Asimismo, una vinculación apasionada de una nación a otra produce una variedad de males. La simpatía por la nación favorita, que facilita la ilusión de un interés común imaginario donde verdaderamente no existe ningún interés común real, e infundiendo en la una las enemistades de la otra, traiciona a la primera haciéndola participar en las querellas y guerras de la segunda sin motivo ni justificación adecuadas. Esto conduce igualmente a conceder a la nación favorita privilegios que se niega a otras, lo que puede perjudicar doblemente a la nación que hace las concesiones, al desprenderse innecesariamente de lo que debiera haber conservado, y al excitar los celos, la mala voluntad y la disposición a tomar represalias en aquellos a quienes se rehúsa iguales privilegios. Y también ofrece a ciudadanos ambiciosos, corruptos o engañados (que se consagran a la nación favorita), facilidades para que traicionen o sacrifiquen los intereses de su propio país sin ser odiados, a veces incluso con popularidad, revistiendo, con las apariencias de un sentido virtuoso del deber, una elogiable deferencia hacia la opinión pública, o un laudable celo del bien público, las viles o necias exigencias de la ambición, la corrupción o la infatuación.
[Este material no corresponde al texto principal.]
(* With the Frobenius inner product the n x n matrices form a Euclidean space on which
   X \<mapsto> A X is self-adjoint and positive definite, so the Galerkin iterates behave like
   preconditioned conjugate gradients.  Since G j = G 0 + (Pc A)^2 (M j - M 0), each G j lies
   in K (j+1); since R j is orthogonal to K j while (R j, G j) = -(Pc R j, A Pc R j) < 0, it does
   not lie in K j.  Hence the G j, and likewise the P j (as P j + G j lies in K j), span the
   Krylov spaces.  By induction, P j is A-orthogonal to K j: G (j+1) is A-orthogonal to K j
   because (Pc A)^2 maps K j into K (j+1), which is orthogonal to R (j+1), and beta is exactly
   the coefficient making P (j+1) A-orthogonal to P j.  This A-orthogonality forces
   M (j+1) - M j, an element of K (j+1), to be a multiple of P j, and R (j+1) being orthogonal
   to P j fixes the multiple as alpha j. *)

lemma frob_eq_inner: "frob X Y = X \<bullet> Y"
proof -
  have "frob X Y = (\<Sum>i\<in>UNIV. \<Sum>k\<in>UNIV. X$k$i * Y$k$i)"
    by (simp add: frob_def trace_def matrix_matrix_mult_def transpose_def)
  also have "\<dots> = (\<Sum>k\<in>UNIV. \<Sum>i\<in>UNIV. X$k$i * Y$k$i)"
    by (rule sum.swap)
  finally show ?thesis
    by (simp add: inner_vec_def)
qed

lemma linear_matrix_mult_left: "linear (\<lambda>Y::real^'n^'m. (X::real^'m^'k) ** Y)"
  by (rule linearI) (simp_all add: matrix_add_ldistrib matrix_scalar_ac scalar_matrix_assoc)

lemma matrix_mult_diff_right: "X ** (Y - Z) = X ** Y - X ** (Z::real^'n^'m)"
  by (rule linear_diff[OF linear_matrix_mult_left])

lemma matrix_mult_scaleR_right: "X ** (c *\<^sub>R Y) = c *\<^sub>R (X ** (Y::real^'n^'m))"
  by (rule linear_scale[OF linear_matrix_mult_left])

lemma inner_matrix_mult_left:
  fixes A X Y :: "real^'n^'n"
  shows "X \<bullet> (A ** Y) = (transpose A ** X) \<bullet> Y"
proof -
  have "X \<bullet> (A ** Y) = trace (transpose X ** (A ** Y))"
    using frob_eq_inner[of X "A ** Y"] by (simp add: frob_def)
  also have "\<dots> = trace (transpose (transpose A ** X) ** Y)"
    by (simp add: matrix_transpose_mul matrix_mul_assoc)
  finally show ?thesis
    by (simp only: frob_def[symmetric] frob_eq_inner)
qed

lemma inner_matrix_mult_symmetric:
  assumes "transpose A = A"
  shows "X \<bullet> (A ** Y) = Y \<bullet> (A ** (X::real^'n^'n))"
  using inner_matrix_mult_left[of X A Y] assms by (simp add: inner_commute)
Como avenidas de la influencia extranjera en formas innumerables, tales adhesiones son particularmente alarmantes para el patriota verdaderamente ilustrado e independiente. ¡Cuántas oportunidades ofrecen para sobornar las facciones domésticas, para practicar las artes de la seducción, para extraviar a la opinión pública, para influir o intimidar a los Consejos Públicos! Una adhesión tal de una nación pequeña o débil, a una grande y poderosa, condena a la primera a ser un satélite de la otra.

Contra las insidiosas estratagemas de la influencia extraña (les conjuro a creerme, conciudadanos) debe estar constantemente alerta el celo de un pueblo libre, puesto que la historia y la experiencia demuestran que la influencia extraña es uno de los enemigos más funestos del gobierno republicano. Pero, para que sea útil, este celo debe ser imparcial, so pena de que se convierta en el instrumento de la influencia misma que ha de evitarse, en vez de una defensa contra ella. La excesiva parcialidad por una nación, así como la excesiva aversión a otra, hacen que aquellos a quienes afectan sólo vean el peligro por un lado, y sirven como velo, y aun de ayuda a las artes e influencias del otro lado. Los verdaderos patriotas, que resisten las intrigas de la nación favorita, se exponen a hacerse sospechosos y odiosos, mientras los instrumentos de ésta, y aquellos que la siguen ciegamente, usurpan el aplauso y la confianza del pueblo cuando abdican sus intereses.

Nuestra gran regla de conducta en lo que atañe a las naciones extranjeras es que, al extender nuestras relaciones comerciales, tengamos con aquellas tan poca conexión política como sea posible. Ya que para estos momentos hemos contraído compromisos, permitamos que se cumplan con perfecta buena fe. Detengámonos aquí.